Excerpted data section start

definition simple_graph :: "nat \<Rightarrow> (nat \<Rightarrow> nat \<Rightarrow> bool) \<Rightarrow> bool" where
  "simple_graph n E \<longleftrightarrow>
     (\<forall>i j. E i j \<longrightarrow> i < n \<and> j < n) \<and>
     (\<forall>i j. E i j \<longrightarrow> E j i) \<and> (\<forall>i. \<not> E i i)"

definition connected_graph :: "nat \<Rightarrow> (nat \<Rightarrow> nat \<Rightarrow> bool) \<Rightarrow> bool" where
  "connected_graph n E \<longleftrightarrow> (\<forall>i<n. \<forall>j<n. E\<^sup>*\<^sup>* i j)"

definition degree :: "nat \<Rightarrow> (nat \<Rightarrow> nat \<Rightarrow> bool) \<Rightarrow> nat \<Rightarrow> nat" where
  "degree n E i = card {j. j < n \<and> E i j}"

definition num_edges :: "nat \<Rightarrow> (nat \<Rightarrow> nat \<Rightarrow> bool) \<Rightarrow> nat" where
  "num_edges n E = card {(i, j). i < j \<and> j < n \<and> E i j}"

text \<open>Effective resistance between i and j with unit resistors on every edge:
the potential difference x i - x j of a potential x on the vertices satisfying
Kirchhoff's current law when a unit current enters at i and leaves at j
(net current out of v through its edges is sum over neighbours w of x v - x w).\<close>

definition eff_resistance :: "nat \<Rightarrow> (nat \<Rightarrow> nat \<Rightarrow> bool) \<Rightarrow> nat \<Rightarrow> nat \<Rightarrow> real" where
  "eff_resistance n E i j =
     (if i = j then 0 else
      (SOME r. \<exists>x :: nat \<Rightarrow> real.
         (\<forall>v<n. (\<Sum>w\<in>{w. w < n \<and> E v w}. x v - x w) =
                 (if v = i then 1 else if v = j then -1 else 0))
         \<and> r = x i - x j))"

definition add_deg_kirchhoff :: "nat \<Rightarrow> (nat \<Rightarrow> nat \<Rightarrow> bool) \<Rightarrow> real" where
  "add_deg_kirchhoff n E =
     (\<Sum>j<n. \<Sum>i<j. real (degree n E i + degree n E j) * eff_resistance n E i j)"

end

theory Submission
  imports Defs "Jordan_Normal_Form.Determinant"
begin

text \<open>Effective resistance satisfies the dual (Thomson) principle
  \<open>R\<^sub>i\<^sub>j \<ge> 2 (y\<^sub>i - y\<^sub>j) - y\<^sup>T L y\<close> for every test potential \<open>y\<close>, because
  \<open>(x - y)\<^sup>T L (x - y) \<ge> 0\<close> for the true potential \<open>x\<close>. Testing with \<open>y\<close> supported on
  \<open>{i, j}\<close> gives \<open>R\<^sub>i\<^sub>j \<ge> 1/d\<^sub>i + 1/d\<^sub>j\<close> for non-adjacent \<open>i, j\<close> and
  \<open>R\<^sub>i\<^sub>j \<ge> (d\<^sub>i + d\<^sub>j - 2)/(d\<^sub>i d\<^sub>j - 1)\<close> for adjacent ones; the latter falls short of
  \<open>1/d\<^sub>i + 1/d\<^sub>j\<close> by at most \<open>4/((d\<^sub>i + d\<^sub>j)(1 + d\<^sub>1))\<close>. Summing
  \<open>(d\<^sub>i + d\<^sub>j)(1/d\<^sub>i + 1/d\<^sub>j)\<close> over all pairs gives \<open>N(N-2) + 2|E| \<Sum> 1/d\<^sub>k\<close>,
  and each of the \<open>|E|\<close> edges loses at most \<open>4/(1 + d\<^sub>1)\<close>, where \<open>d\<^sub>1\<close> is the minimum degree.\<close>

hide_const (open) Polynomial.degree

section \<open>The graph Laplacian\<close>

definition laplacian :: "nat \<Rightarrow> (nat \<Rightarrow> nat \<Rightarrow> bool) \<Rightarrow> (nat \<Rightarrow> real) \<Rightarrow> nat \<Rightarrow> real" where
  "laplacian N E x v = (\<Sum>w\<in>{w. w < N \<and> E v w}. x v - x w)"

definition laplacian_form :: "nat \<Rightarrow> (nat \<Rightarrow> nat \<Rightarrow> bool) \<Rightarrow> (nat \<Rightarrow> real) \<Rightarrow> (nat \<Rightarrow> real) \<Rightarrow> real" where
  "laplacian_form N E x y = (\<Sum>v<N. y v * laplacian N E x v)"

lemma sum_neighbours_eq_sum_if:
  "(\<Sum>w\<in>{w. w < (N::nat) \<and> E v w}. g w) = (\<Sum>w<N. if E v w then g w else 0)"
proof -
  have "{w. w < N \<and> E v w} = {w\<in>{..<N}. E v w}" by auto
  then show ?thesis by (simp add: sum.inter_filter[symmetric])
qed

lemma sum_neighbours_swap:
  assumes "simple_graph N E"
  shows "(\<Sum>v<N. \<Sum>w\<in>{w. w < N \<and> E v w}. g v w) = (\<Sum>v<N. \<Sum>w\<in>{w. w < N \<and> E v w}. g w v)"
proof -
  have sym: "\<And>v w. E v w = E w v" using assms unfolding simple_graph_def by blast
  have "(\<Sum>v<N. \<Sum>w\<in>{w. w < N \<and> E v w}. g v w) = (\<Sum>v<N. \<Sum>w<N. if E v w then g v w else 0)"
    by (simp add: sum_neighbours_eq_sum_if)
  also have "\<dots> = (\<Sum>w<N. \<Sum>v<N. if E w v then g v w else 0)"
    by (subst sum.swap) (simp add: sym)
  also have "\<dots> = (\<Sum>v<N. \<Sum>w\<in>{w. w < N \<and> E v w}. g w v)"
    by (simp add: sum_neighbours_eq_sum_if)
  finally show ?thesis .
qed

lemma sum_laplacian_eq_0:
  assumes "simple_graph N E"
  shows "(\<Sum>v<N. laplacian N E x v) = 0"
proof -
  have "(\<Sum>v<N. laplacian N E x v) = (\<Sum>v<N. \<Sum>w\<in>{w. w < N \<and> E v w}. x w - x v)"
    unfolding laplacian_def by (rule sum_neighbours_swap[OF assms])
  also have "\<dots> = - (\<Sum>v<N. laplacian N E x v)"
    unfolding laplacian_def by (simp add: sum_negf[symmetric])
  finally show ?thesis by linarith
qed

lemma laplacian_form_energy:
  assumes "simple_graph N E"
  shows "2 * laplacian_form N E z z = (\<Sum>v<N. \<Sum>w\<in>{w. w < N \<and> E v w}. (z v - z w)\<^sup>2)"
proof -
  have "laplacian_form N E z z = (\<Sum>v<N. \<Sum>w\<in>{w. w < N \<and> E v w}. z v * (z v - z w))"
    unfolding laplacian_form_def laplacian_def by (simp add: sum_distrib_left)
  moreover have "\<dots> = (\<Sum>v<N. \<Sum>w\<in>{w. w < N \<and> E v w}. z w * (z w - z v))"
    by (rule sum_neighbours_swap[OF assms])
  ultimately have "2 * laplacian_form N E z z
      = (\<Sum>v<N. \<Sum>w\<in>{w. w < N \<and> E v w}. z v * (z v - z w) + z w * (z w - z v))"
    by (simp add: sum.distrib)
  then show ?thesis by (simp add: power2_eq_square algebra_simps)
qed

lemma laplacian_form_nonneg:
  assumes "simple_graph N E"
  shows "laplacian_form N E z z \<ge> 0"
proof -
  have "0 \<le> (\<Sum>v<N. \<Sum>w\<in>{w. w < N \<and> E v w}. (z v - z w)\<^sup>2)"
    by (intro sum_nonneg) auto
  with laplacian_form_energy[OF assms, of z] show ?thesis by linarith
qed

lemma laplacian_form_commute:
  assumes "simple_graph N E"
  shows "laplacian_form N E x y = laplacian_form N E y x"
proof -
  have "laplacian_form N E x y - laplacian_form N E y x
      = (\<Sum>v<N. \<Sum>w\<in>{w. w < N \<and> E v w}. x v * y w - y v * x w)"
    unfolding laplacian_form_def laplacian_def
    by (simp add: sum_distrib_left sum_subtractf[symmetric] algebra_simps)
  also have "\<dots> = (\<Sum>v<N. \<Sum>w\<in>{w. w < N \<and> E v w}. x w * y v - y w * x v)"
    by (rule sum_neighbours_swap[OF assms])
  also have "\<dots> = - (\<Sum>v<N. \<Sum>w\<in>{w. w < N \<and> E v w}. x v * y w - y v * x w)"
    by (simp add: sum_negf[symmetric] algebra_simps)
  finally show ?thesis
    using \<open>laplacian_form N E x y - laplacian_form N E y x = _\<close> by linarith
qed

lemma laplacian_form_diff:
  "laplacian_form N E (\<lambda>k. x k - y k) (\<lambda>k. x k - y k)
     = laplacian_form N E x x - laplacian_form N E x y - laplacian_form N E y x + laplacian_form N E y y"
  unfolding laplacian_form_def laplacian_def
  by (simp add: sum_subtractf sum.distrib algebra_simps sum_distrib_left)

lemma connected_eq_on_edges_imp_const:
  assumes "simple_graph N E" and "connected_graph N E"
    and "\<And>v w. v < N \<Longrightarrow> w < N \<Longrightarrow> E v w \<Longrightarrow> z v = z w"
    and "j < N" and "k < N"
  shows "z k = z j"
proof -
  have "E\<^sup>*\<^sup>* j k" using assms(2,4,5) unfolding connected_graph_def by blast
  then show ?thesis
  proof (induction rule: rtranclp_induct)
    case (step c d)
    then have "c < N" "d < N" using assms(1) unfolding simple_graph_def by auto
    with assms(3) step show ?case by metis
  qed simp
qed

lemma laplacian_form_eq_0_imp_const:
  assumes "simple_graph N E" and "connected_graph N E" and "laplacian_form N E z z = 0"
    and "j < N" and "k < N"
  shows "z k = z j"
proof (rule connected_eq_on_edges_imp_const[OF assms(1,2) _ assms(4,5)])
  fix v w assume v: "v < N" and w: "w < N" and "E v w"
  have "(\<Sum>v<N. \<Sum>w\<in>{w. w < N \<and> E v w}. (z v - z w)\<^sup>2) = 0"
    using laplacian_form_energy[OF assms(1), of z] assms(3) by simp
  then have "(\<Sum>w\<in>{w. w < N \<and> E v w}. (z v - z w)\<^sup>2) = 0"
    using v by (subst (asm) sum_nonneg_eq_0_iff) (auto intro: sum_nonneg)
  then have "(z v - z w)\<^sup>2 = 0" using w \<open>E v w\<close> by (subst (asm) sum_nonneg_eq_0_iff) auto
  then show "z v = z w" by simp
qed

Excerpted data section end

- Task item
Every line from the top of the material above through the line holding "(\<forall>i j. E i j \<longrightarrow> i" should be reproduced word for word, and nothing beyond it.

- Exercise response
definition simple_graph :: "nat \<Rightarrow> (nat \<Rightarrow> nat \<Rightarrow> bool) \<Rightarrow> bool" where
  "simple_graph n E \<longleftrightarrow>
     (\<forall>i j. E i j \<longrightarrow> i < n \<and> j < n) \<and>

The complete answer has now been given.